(* Let $k\ge1$ and $\ell\ge1$. Then $$|\{n\in A_{2k}:\max\mathcal{CG}(n)=\max\mathcal{CG}_1(n)=F_{2k+2\ell}\}|=F_{2\ell+1},$$ $$|\{n\in A_{2k}:\max\mathcal{CG}(n)=\max\mathcal{CG}_2(n)=F_{2k+2\ell}\}|=F_{2\ell}.$$
   Context: Fibonacci numbers: $F_1=F_2=1$, $F_{n+1}=F_n+F_{n-1}$ for $n\ge2$. Chung–Graham decomposition: every positive integer $n$ has a unique representation $n=\sum_{i\ge1}c_iF_{2i}$ with $c_i\in\{0,1,2\}$, only finitely many nonzero, such that whenever $c_i=c_j=2$ with $i<j$ there is $k$ with $i<k<j$ and $c_k=0$. Let $\mathcal{CG}(n)$ be the set of $F_{2i}$ with $c_i\neq0$, $\mathcal{CG}_1(n)$ the set of $F_{2i}$ with $c_i=1$, and $\mathcal{CG}_2(n)$ the set of $F_{2i}$ with $c_i=2$. For $k\ge1$, $A_{2k}=\{n\ge1:\min\mathcal{CG}(n)=F_{2k}\}$. *)

theory Defs
  imports "HOL-Number_Theory.Fib"
begin

text \<open>Coefficient sequences c :: nat => nat, index i >= 1 standing for F_{2i};
  c 0 = 0 is forced (index 0 unused).\<close>
definition cg_valid :: "(nat \<Rightarrow> nat) \<Rightarrow> bool" where
  "cg_valid c \<longleftrightarrow> c 0 = 0 \<and> (\<forall>i. c i \<le> 2) \<and> finite {i. c i \<noteq> 0} \<and>
     (\<forall>i j. i < j \<and> c i = 2 \<and> c j = 2 \<longrightarrow> (\<exists>k. i < k \<and> k < j \<and> c k = 0))"

definition cg_val :: "(nat \<Rightarrow> nat) \<Rightarrow> nat" where
  "cg_val c = (\<Sum>i\<in>{i. c i \<noteq> 0}. c i * fib (2 * i))"

definition cg_coeffs :: "nat \<Rightarrow> nat \<Rightarrow> nat" where
  "cg_coeffs n = (THE c. cg_valid c \<and> cg_val c = n)"

definition CG :: "nat \<Rightarrow> nat set" where
  "CG n = {fib (2 * i) | i. i \<ge> 1 \<and> cg_coeffs n i \<noteq> 0}"

definition CG1 :: "nat \<Rightarrow> nat set" where
  "CG1 n = {fib (2 * i) | i. i \<ge> 1 \<and> cg_coeffs n i = 1}"

definition CG2 :: "nat \<Rightarrow> nat set" where
  "CG2 n = {fib (2 * i) | i. i \<ge> 1 \<and> cg_coeffs n i = 2}"

text \<open>A k stands for the paper's A_{2k}.\<close>
definition A :: "nat \<Rightarrow> nat set" where
  "A k = {n. n \<ge> 1 \<and> Min (CG n) = fib (2 * k)}"

end

theory Submission
  imports Defs
begin

text \<open>A valid coefficient sequence supported on \<open>{a..m+1}\<close> ends in 0, or ends in 1 after an
  arbitrary sequence on \<open>{a..m}\<close>, or ends in 2 after a sequence on \<open>{a..m}\<close> whose last 2
  is already followed by a 0 (an open sequence). On an interval of length \<open>j\<close> this recursion
  gives \<open>F(2j+2)\<close> sequences, \<open>F(2j+1)\<close> of them open. For \<open>a = 1\<close> all values lie
  below \<open>F(2m+2)\<close> and the value map is injective (the top coefficient is a quotient by
  \<open>F(2m)\<close>), so counting gives existence and uniqueness of the representation. The numbers
  in the corollary are the values of sequences on \<open>{k..k+l}\<close> with nonzero coefficient at
  \<open>k\<close> and coefficient \<open>d\<close> at \<open>k+l\<close>: the sequences on \<open>{k..k+l}\<close> ending in \<open>d\<close> minus
  those on \<open>{k+1..k+l}\<close> ending in \<open>d\<close>, that is \<open>F(2l+2) - F(2l) = F(2l+1)\<close> for
  \<open>d = 1\<close> and \<open>F(2l+1) - F(2l-1) = F(2l)\<close> for \<open>d = 2\<close>.\<close>

definition cg_seqs :: "nat \<Rightarrow> nat \<Rightarrow> (nat \<Rightarrow> nat) set" where
  "cg_seqs a m = {c. cg_valid c \<and> (\<forall>i. c i \<noteq> 0 \<longrightarrow> a \<le> i \<and> i \<le> m)}"

text \<open>The sequences in \<^term>\<open>cg_seqs a m\<close> that stay valid when the coefficient at
  \<^term>\<open>Suc m\<close> is set to 2.\<close>
definition cg_seqs_open :: "nat \<Rightarrow> nat \<Rightarrow> (nat \<Rightarrow> nat) set" where
  "cg_seqs_open a m = {c \<in> cg_seqs a m. \<forall>i. c i = 2 \<longrightarrow> (\<exists>k. i < k \<and> k \<le> m \<and> c k = 0)}"

lemma cg_validI:
  assumes "c 0 = 0" "\<And>i. c i \<le> 2" "finite {i. c i \<noteq> 0}"
    and "\<And>i j. i < j \<Longrightarrow> c i = 2 \<Longrightarrow> c j = 2 \<Longrightarrow> \<exists>k. i < k \<and> k < j \<and> c k = 0"
  shows "cg_valid c"
  using assms unfolding cg_valid_def by blast

lemma cg_valid_gap:
  assumes "cg_valid c" "i < j" "c i = 2" "c j = 2"
  obtains k where "i < k" "k < j" "c k = 0"
  using assms unfolding cg_valid_def by blast

lemma cg_seqs_valid: "c \<in> cg_seqs a m \<Longrightarrow> cg_valid c"
  by (simp add: cg_seqs_def)

lemma cg_seqs_support: "c \<in> cg_seqs a m \<Longrightarrow> c i \<noteq> 0 \<Longrightarrow> a \<le> i \<and> i \<le> m"
  by (simp add: cg_seqs_def)

lemma cg_seqs_above: "c \<in> cg_seqs a m \<Longrightarrow> m < i \<Longrightarrow> c i = 0"
  using cg_seqs_support[of c a m i] by fastforce

lemma cg_seqs_le_2: "c \<in> cg_seqs a m \<Longrightarrow> c i \<le> 2"
  by (simp add: cg_seqs_def cg_valid_def)

lemma cg_seqs_open_subset: "cg_seqs_open a m \<subseteq> cg_seqs a m"
  by (auto simp: cg_seqs_open_def)

lemma cg_valid_fun_upd_0:
  assumes "cg_valid c"
  shows "cg_valid (c(j := 0))"
proof (rule cg_validI)
  show "finite {i. (c(j := 0)) i \<noteq> 0}"
    by (rule finite_subset[of _ "{i. c i \<noteq> 0}"]) (use assms in \<open>auto simp: cg_valid_def\<close>)
  fix i i' assume "i < i'" "(c(j := 0)) i = 2" "(c(j := 0)) i' = 2"
  then have "c i = 2" "c i' = 2" by (auto split: if_splits)
  then obtain k where "i < k" "k < i'" "c k = 0"
    using cg_valid_gap[OF assms \<open>i < i'\<close>] by blast
  then show "\<exists>k. i < k \<and> k < i' \<and> (c(j := 0)) k = 0" by (intro exI[of _ k]) simp
qed (use assms in \<open>simp_all add: cg_valid_def\<close>)

lemma cg_seqs_fun_upd_0: "c \<in> cg_seqs a (Suc m) \<Longrightarrow> c(Suc m := 0) \<in> cg_seqs a m"
proof -
  assume c: "c \<in> cg_seqs a (Suc m)"
  have "a \<le> i \<and> i \<le> m" if "(c(Suc m := 0)) i \<noteq> 0" for i
    using that cg_seqs_support[OF c, of i] by (cases "i = Suc m") auto
  with cg_valid_fun_upd_0[OF cg_seqs_valid[OF c]] show ?thesis by (simp add: cg_seqs_def)
qed

lemma cg_seqs_open_fun_upd_0_of_2:
  assumes "c \<in> cg_seqs a (Suc m)" and "c (Suc m) = 2"
  shows "c(Suc m := 0) \<in> cg_seqs_open a m"
proof -
  have "\<exists>k. i < k \<and> k \<le> m \<and> (c(Suc m := 0)) k = 0" if "(c(Suc m := 0)) i = 2" for i
  proof -
    have "i \<noteq> Suc m" "c i = 2" using that by (auto split: if_splits)
    with cg_seqs_support[OF assms(1), of i] have "i < Suc m" by simp
    then obtain k where "i < k" "k < Suc m" "c k = 0"
      using cg_valid_gap[OF cg_seqs_valid[OF assms(1)] _ \<open>c i = 2\<close> assms(2)] by blast
    then show ?thesis by (intro exI[of _ k]) simp
  qed
  with cg_seqs_fun_upd_0[OF assms(1)] show ?thesis unfolding cg_seqs_open_def by blast
qed

lemma cg_seqs_open_fun_upd_0_of_1:
  assumes "c \<in> cg_seqs_open a (Suc m)" and "c (Suc m) = 1"
  shows "c(Suc m := 0) \<in> cg_seqs_open a m"
proof -
  have "\<exists>k. i < k \<and> k \<le> m \<and> (c(Suc m := 0)) k = 0" if "(c(Suc m := 0)) i = 2" for i
  proof -
    have "c i = 2" using that by (auto split: if_splits)
    then obtain k where "i < k" "k \<le> Suc m" "c k = 0"
      using assms(1) unfolding cg_seqs_open_def by blast
    with assms(2) show ?thesis by (intro exI[of _ k]) (auto simp: le_Suc_eq)
  qed
  with cg_seqs_fun_upd_0 assms(1) cg_seqs_open_subset show ?thesis
    unfolding cg_seqs_open_def by blast
qed

lemma cg_seqs_fun_upd:
  assumes c: "c \<in> cg_seqs a m" and "a \<le> Suc m" "d \<le> 2"
    and open_if_2: "d = 2 \<Longrightarrow> c \<in> cg_seqs_open a m"
  shows "c(Suc m := d) \<in> cg_seqs a (Suc m)"
proof -
  have v: "cg_valid c" using c by (rule cg_seqs_valid)
  have gap: "\<exists>k. i < k \<and> k < j \<and> (c(Suc m := d)) k = 0"
    if "i < j" "(c(Suc m := d)) i = 2" "(c(Suc m := d)) j = 2" for i j
  proof (cases "j = Suc m")
    case True
    with that have "c i = 2" "d = 2" by (auto split: if_splits)
    then obtain k where "i < k" "k \<le> m" "c k = 0"
      using open_if_2 unfolding cg_seqs_open_def by blast
    with True show ?thesis by (intro exI[of _ k]) simp
  next
    case False
    with that have "c j = 2" by simp
    with cg_seqs_above[OF c] have "j \<le> m" by (metis not_le zero_neq_numeral)
    with that have "c i = 2" by (auto split: if_splits)
    then obtain k where "i < k" "k < j" "c k = 0"
      using cg_valid_gap[OF v \<open>i < j\<close> \<open>c i = 2\<close> \<open>c j = 2\<close>] by blast
    with \<open>j \<le> m\<close> show ?thesis by (intro exI[of _ k]) simp
  qed
  have "cg_valid (c(Suc m := d))"
  proof (rule cg_validI)
    show "finite {i. (c(Suc m := d)) i \<noteq> 0}"
      by (rule finite_subset[of _ "insert (Suc m) {i. c i \<noteq> 0}"])
        (use v in \<open>auto simp: cg_valid_def\<close>)
    show "(c(Suc m := d)) i \<le> 2" for i
      using v \<open>d \<le> 2\<close> by (simp add: cg_valid_def)
  qed (use v gap in \<open>simp_all add: cg_valid_def\<close>)
  moreover have "a \<le> i \<and> i \<le> Suc m" if "(c(Suc m := d)) i \<noteq> 0" for i
    using that cg_seqs_support[OF c, of i] \<open>a \<le> Suc m\<close> by (cases "i = Suc m") auto
  ultimately show ?thesis by (simp add: cg_seqs_def)
qed

lemma cg_seqs_open_fun_upd_1:
  assumes "c \<in> cg_seqs_open a m" and "a \<le> Suc m"
  shows "c(Suc m := 1) \<in> cg_seqs_open a (Suc m)"
proof -
  have "c(Suc m := 1) \<in> cg_seqs a (Suc m)"
    using assms cg_seqs_open_subset by (intro cg_seqs_fun_upd) auto
  moreover have "\<exists>k. i < k \<and> k \<le> Suc m \<and> (c(Suc m := 1)) k = 0"
    if "(c(Suc m := 1)) i = 2" for i
  proof -
    have "c i = 2" using that by (auto split: if_splits)
    then obtain k where "i < k" "k \<le> m" "c k = 0"
      using assms(1) unfolding cg_seqs_open_def by blast
    then show ?thesis by (intro exI[of _ k]) simp
  qed
  ultimately show ?thesis unfolding cg_seqs_open_def by blast
qed

lemma cg_seqs_subset_open_Suc: "cg_seqs a m \<subseteq> cg_seqs_open a (Suc m)"
proof
  fix c assume c: "c \<in> cg_seqs a m"
  then have "c \<in> cg_seqs a (Suc m)" by (auto simp: cg_seqs_def le_Suc_eq)
  moreover have "\<exists>k. i < k \<and> k \<le> Suc m \<and> c k = 0" if "c i = 2" for i
  proof -
    have "i \<le> m" "c (Suc m) = 0"
      using that cg_seqs_support[OF c, of i] cg_seqs_above[OF c, of "Suc m"] by auto
    then show ?thesis by (intro exI[of _ "Suc m"]) simp
  qed
  ultimately show "c \<in> cg_seqs_open a (Suc m)" unfolding cg_seqs_open_def by blast
qed

lemma cg_seqs_empty_range: "m < a \<Longrightarrow> cg_seqs a m = {\<lambda>_. 0}"
proof -
  assume "m < a"
  then have "c = (\<lambda>_. 0)" if "c \<in> cg_seqs a m" for c
    using cg_seqs_support[OF that] by fastforce
  moreover have "(\<lambda>_. 0) \<in> cg_seqs a m" by (simp add: cg_seqs_def cg_valid_def)
  ultimately show ?thesis by blast
qed

lemma cg_seqs_open_empty_range: "m < a \<Longrightarrow> cg_seqs_open a m = {\<lambda>_. 0}"
  using cg_seqs_empty_range[of m a] by (auto simp: cg_seqs_open_def)

lemma cg_seqs_Suc:
  assumes "a \<le> Suc m"
  shows "cg_seqs a (Suc m) = cg_seqs a m \<union> (\<lambda>c. c(Suc m := 1)) ` cg_seqs a m
           \<union> (\<lambda>c. c(Suc m := 2)) ` cg_seqs_open a m" (is "_ = ?G \<union> ?U1 \<union> ?U2")
proof (intro equalityI subsetI)
  fix c assume c: "c \<in> cg_seqs a (Suc m)"
  have "c (Suc m) \<le> 2" using cg_seqs_le_2[OF c] .
  then consider "c (Suc m) = 0" | "c (Suc m) = 1" | "c (Suc m) = 2" by linarith
  then show "c \<in> ?G \<union> ?U1 \<union> ?U2"
  proof cases
    case 1
    then have "c \<in> ?G" using cg_seqs_fun_upd_0[OF c] by (simp add: fun_upd_idem)
    then show ?thesis by blast
  next
    case 2
    have "c \<in> ?U1"
      by (rule rev_image_eqI[OF cg_seqs_fun_upd_0[OF c]]) (use 2 in \<open>simp add: fun_upd_idem\<close>)
    then show ?thesis by blast
  next
    case 3
    have "c \<in> ?U2"
      by (rule rev_image_eqI[OF cg_seqs_open_fun_upd_0_of_2[OF c 3]])
        (use 3 in \<open>simp add: fun_upd_idem\<close>)
    then show ?thesis by blast
  qed
next
  fix c assume "c \<in> ?G \<union> ?U1 \<union> ?U2"
  then consider "c \<in> ?G" | c' where "c' \<in> ?G" "c = c'(Suc m := 1)"
    | c' where "c' \<in> cg_seqs_open a m" "c = c'(Suc m := 2)" by blast
  then show "c \<in> cg_seqs a (Suc m)"
  proof cases
    case 1
    then show ?thesis using cg_seqs_subset_open_Suc cg_seqs_open_subset by blast
  next
    case 2
    then show ?thesis using cg_seqs_fun_upd[OF _ assms, of c' 1] by simp
  next
    case 3
    then show ?thesis using cg_seqs_fun_upd[OF _ assms, of c' 2] cg_seqs_open_subset by blast
  qed
qed

lemma cg_seqs_open_Suc:
  assumes "a \<le> Suc m"
  shows "cg_seqs_open a (Suc m) = cg_seqs a m \<union> (\<lambda>c. c(Suc m := 1)) ` cg_seqs_open a m"
    (is "_ = ?G \<union> ?U1")
proof (intro equalityI subsetI)
  fix c assume c: "c \<in> cg_seqs_open a (Suc m)"
  then have c': "c \<in> cg_seqs a (Suc m)" using cg_seqs_open_subset by blast
  have "c (Suc m) \<noteq> 2" using c unfolding cg_seqs_open_def by force
  with cg_seqs_le_2[OF c', of "Suc m"] consider "c (Suc m) = 0" | "c (Suc m) = 1" by linarith
  then show "c \<in> ?G \<union> ?U1"
  proof cases
    case 1
    then have "c \<in> ?G" using cg_seqs_fun_upd_0[OF c'] by (simp add: fun_upd_idem)
    then show ?thesis by blast
  next
    case 2
    have "c \<in> ?U1"
      by (rule rev_image_eqI[OF cg_seqs_open_fun_upd_0_of_1[OF c 2]])
        (use 2 in \<open>simp add: fun_upd_idem\<close>)
    then show ?thesis by blast
  qed
next
  fix c assume "c \<in> ?G \<union> ?U1"
  then show "c \<in> cg_seqs_open a (Suc m)"
    using cg_seqs_subset_open_Suc cg_seqs_open_fun_upd_1[OF _ assms] by blast
qed

lemma inj_on_fun_upd_cg_seqs: "inj_on (\<lambda>c. c(Suc m := d)) (cg_seqs a m)"
proof (rule inj_onI)
  fix c c' assume "c \<in> cg_seqs a m" "c' \<in> cg_seqs a m" and eq: "c(Suc m := d) = c'(Suc m := d)"
  then have "c (Suc m) = 0" "c' (Suc m) = 0" using cg_seqs_above by blast+
  then show "c = c'" using fun_cong[OF eq] by (intro ext) (metis fun_upd_other)
qed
======
ACTIVITY
Using the entries above, give again exactly the lines from the line holding "c \<and> (\<forall>i." through the line holding "set to 2.\<close>". Include both end lines and nothing else.

RESPONSE FOR THIS EXERCISE
  "cg_seqs a m = {c. cg_valid c \<and> (\<forall>i. c i \<noteq> 0 \<longrightarrow> a \<le> i \<and> i \<le> m)}"

text \<open>The sequences in \<^term>\<open>cg_seqs a m\<close> that stay valid when the coefficient at
  \<^term>\<open>Suc m\<close> is set to 2.\<close>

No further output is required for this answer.